Write-Log "  Invoke-AutopilotNaming.ps1 - Starting"
Write-Log "============================================"

$token   = Get-GraphToken
$headers = @{ "Authorization" = "Bearer $token" }

try {
    $siteId, $listId = Get-SharePointIds -Headers $headers
} catch {
    Write-Log "Failed to resolve SharePoint IDs: $_" -Level ERROR
    exit 1
}

# -DebugFields: dump raw SharePoint field names and exit
if ($DebugFields) {
    Show-FieldNames -Headers $headers -SiteId $siteId -ListId $listId
    exit 0
}

$pendingItems = Get-PendingDevices -Headers $headers -SiteId $siteId -ListId $listId

if ($pendingItems.Count -eq 0) {
    Write-Log "No pending devices found. Exiting." -Level WARNING
    exit 0
}

foreach ($item in $pendingItems) {
    $fields  = $item.fields
    $itemId  = $item.id
    $serial  = $fields.$FieldSerial
    $devType = $fields.$FieldDeviceType
    $dept    = $fields.$FieldDepartment

    Write-Log "--------------------------------------------"
    Write-Log "Processing: Serial=$serial | Type=$devType | Dept=$dept"

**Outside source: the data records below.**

lemma sieved_char_sum_eq:
  assumes "finite D" "pairwise coprime D" "0 \<notin> D" "\<forall>d\<in>D. \<not> d dvd m" "\<Prod>D dvd N" "N > 0"
  shows "sieved_char_sum D N m = (-1) ^ card D * sieved_char_sum {} (N div \<Prod>D) m"
  using assms(2-)
proof (induction arbitrary: N rule: finite_induct[OF assms(1)])
  case (2 d D)
  have "d * \<Prod>D dvd N"
    using "2.prems"(4) "2.hyps" by simp
  then obtain c where c: "N = d * \<Prod>D * c" ..
  have pos: "d > 0" "\<Prod>D > 0" "c > 0"
    using "2.prems"(2,5) c by (auto simp: prod_pos)
  have coprime: "\<forall>e\<in>D. coprime e d"
    using "2.prems"(1) "2.hyps"(2) by (auto simp: pairwise_insert)
  have "sieved_char_sum {} (N div \<Prod>D) m = 0"
  proof -
    have "\<not> d * c dvd m" using "2.prems"(3) by (auto dest: dvd_mult_left)
    then show ?thesis
      using pos c sum_additive_char_eq_0[of "d * c" m] by (simp add: sieved_char_sum_empty)
  qed
  moreover have "sieved_char_sum D N m = (-1) ^ card D * sieved_char_sum {} (N div \<Prod>D) m"
    using "2.prems" c pos by (intro "2.IH") (auto simp: pairwise_insert)
  moreover have "sieved_char_sum D (N div d) m = (-1) ^ card D * sieved_char_sum {} (N div d div \<Prod>D) m"
    using "2.prems" c pos by (intro "2.IH") (auto simp: pairwise_insert)
  ultimately show ?case
    using pos c "2.hyps" sieved_char_sum_insert[OF pos(1) _ coprime, of N m]
    by (simp add: div_mult2_eq)
qed simp

lemma gen_gcd_eq_1_iff:
  assumes "q > 0" "s > 0"
  shows "gen_gcd s h (q ^ s) = 1 \<longleftrightarrow> (\<forall>p\<in>prime_factors q. \<not> p ^ s dvd h)"
proof -
  define S where "S = (\<lambda>e. \<exists>d. e = d ^ s \<and> d ^ s dvd h \<and> d ^ s dvd q ^ s)"
  have S_bounded: "\<forall>e. S e \<longrightarrow> e \<le> q ^ s"
    using assms(1) by (auto simp: S_def intro: dvd_imp_le)
  have "gen_gcd s h (q ^ s) = 1 \<longleftrightarrow> (\<forall>e. S e \<longrightarrow> e \<le> 1)"
  proof
    assume "gen_gcd s h (q ^ s) = 1"
    then show "\<forall>e. S e \<longrightarrow> e \<le> 1"
      using Greatest_le_nat[of S _ "q ^ s"] S_bounded by (auto simp: gen_gcd_def S_def)
  next
    assume "\<forall>e. S e \<longrightarrow> e \<le> 1"
    moreover have "S 1" unfolding S_def by (intro exI[of _ 1]) simp
    ultimately show "gen_gcd s h (q ^ s) = 1"
      unfolding gen_gcd_def S_def[symmetric] by (intro Greatest_equality) auto
  qed
  also have "\<dots> \<longleftrightarrow> (\<forall>d. d dvd q \<longrightarrow> d ^ s dvd h \<longrightarrow> d \<le> 1)"
  proof -
    have "d ^ s \<le> 1 \<longleftrightarrow> d \<le> 1" for d :: nat
      using assms(2) power_le_one_iff[of d s] by simp
    then show ?thesis
      using assms(2) by (auto simp: S_def)
  qed
  also have "\<dots> \<longleftrightarrow> (\<forall>p\<in>prime_factors q. \<not> p ^ s dvd h)"
  proof (intro iffI ballI allI impI)
    fix p assume "\<forall>d. d dvd q \<longrightarrow> d ^ s dvd h \<longrightarrow> d \<le> 1" "p \<in> prime_factors q"
    moreover have "p > 1" "p dvd q"
      using \<open>p \<in> prime_factors q\<close> by (meson in_prime_factors_iff prime_gt_1_nat)+
    ultimately show "\<not> p ^ s dvd h"
      by (metis leD)
  next
    fix d assume no_power: "\<forall>p\<in>prime_factors q. \<not> p ^ s dvd h" and "d dvd q" "d ^ s dvd h"
    show "d \<le> 1"
    proof (rule ccontr)
      assume "\<not> d \<le> 1"
      then obtain p where "prime p" "p dvd d"
        using prime_factor_nat[of d] by auto
      moreover have "p dvd q"
        using \<open>p dvd d\<close> \<open>d dvd q\<close> by (rule dvd_trans)
      moreover have "p ^ s dvd h"
        using \<open>p dvd d\<close> \<open>d ^ s dvd h\<close> by (meson dvd_power_same dvd_trans)
      ultimately have "p \<in> prime_factors q" "p ^ s dvd h"
        using assms(1) by (auto simp: in_prime_factors_iff)
      then show False using no_power by blast
    qed
  qed
  finally show ?thesis .
qed

lemma squarefree_prod_prime_factors:
  fixes q :: nat
  assumes "squarefree q"
  shows "\<Prod>(prime_factors q) = q"
proof -
  have "q \<noteq> 0" using assms by (metis not_squarefree_0)
  then have "\<forall>p\<in>prime_factors q. multiplicity p q = 1"
    using assms squarefree_factorial_semiring' by blast
  then have "\<Prod>(prime_factors q) = (\<Prod>p\<in>prime_factors q. p ^ multiplicity p q)"
    by simp
  also have "\<dots> = q"
    using \<open>q \<noteq> 0\<close> by (simp add: prod_prime_factors)
  finally show ?thesis .
qed

lemma cohen_ramanujan_squarefree_coprime:
  assumes "squarefree q" "coprime q n" "s > 0"
  shows "cohen_ramanujan s q (n ^ s) = of_int (moebius q)"
proof -
  let ?P = "prime_factors q"
  define D where "D = (\<lambda>p. p ^ s) ` ?P"
  have "q > 0" using assms(1) by (cases "q = 0") auto
  have inj: "inj_on (\<lambda>p. p ^ s) ?P"
    using assms(3) by (auto intro!: inj_onI dest: power_eq_imp_eq_base)
  have cohen_sieved: "cohen_ramanujan s q (n ^ s) = sieved_char_sum D (q ^ s) (n ^ s)"
    unfolding cohen_ramanujan_def sieved_char_sum_def additive_char_def D_def
    using gen_gcd_eq_1_iff[OF \<open>q > 0\<close> assms(3)] by (intro sum.cong) auto
  have prod_D: "\<Prod>D = q ^ s"
    using inj squarefree_prod_prime_factors[OF assms(1)]
    by (simp add: D_def prod.reindex flip: prod_power_distrib)
  have "pairwise coprime D"
    by (auto simp: D_def pairwise_def intro!: primes_coprime)
  moreover have "\<forall>d\<in>D. \<not> d dvd n ^ s"
  proof
    fix d assume "d \<in> D"
    then obtain p where p: "p \<in> ?P" "d = p ^ s" by (auto simp: D_def)
    then have "\<not> p dvd n"
      using assms(2) by (meson coprime_common_divisor in_prime_factors_iff not_prime_unit)
    then show "\<not> d dvd n ^ s"
      using p assms(3) by simp
  qed
  moreover have "0 \<notin> D" by (auto simp: D_def)
  ultimately have "sieved_char_sum D (q ^ s) (n ^ s) = (-1) ^ card D * sieved_char_sum {} 1 (n ^ s)"
    using \<open>q > 0\<close> prod_D sieved_char_sum_eq[where N = "q ^ s" and m = "n ^ s"] by (simp add: D_def)
  moreover have "sieved_char_sum {} 1 (n ^ s) = 1"
    using additive_char_1[of "n ^ s" 1] by (simp add: sieved_char_sum_empty)
  ultimately show ?thesis
    using cohen_sieved inj assms(1) by (simp add: moebius_def D_def card_image)
qed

    if (-not $serial -or -not $devType) {
        Write-Log "Missing Serial or DeviceType - skipping item $itemId" -Level WARNING
        continue
    }

    $autopilotDevice = Get-AutopilotDevice -Headers $headers -SerialNumber $serial
    if (-not $autopilotDevice) { continue }

    $deviceName = Get-NextDeviceName `
        -Headers    $headers `
        -DeviceType $devType `
        -SiteId     $siteId `
        -ListId     $listId

    $success = Set-AutopilotDeviceName `
        -Headers     $headers `
        -DeviceId    $autopilotDevice.id `
        -DisplayName $deviceName

    Update-SharePointItem `
        -Headers       $headers `
        -SiteId        $siteId `
        -ListId        $listId `
        -ItemId        $itemId `
        -GeneratedName $deviceName `
        -AutopilotID   $autopilotDevice.id `
        -Status        $(if ($success) { "Named" } else { "Error" })
}

Write-Log "============================================"
Write-Log "  Invoke-AutopilotNaming.ps1 - Complete"
Write-Log "============================================"

The Scheduled Task

With the app registration configured, the certificate in place and the script ready, the last step is making sure “Invoke-AutopilotNaming.ps1” runs automatically without anyone triggering it manually.

Registering the task

The task is registered entirely from PowerShell using three building blocks: an action that defines what to run, a trigger that defines when and a settings set that controls how it behaves. The action calls powershell.exe with “-ExecutionPolicy Bypass -NonInteractive -WindowStyle Hidden” so it runs silently with no visible window. The trigger fires once immediately then repeats every 15 minutes indefinitely.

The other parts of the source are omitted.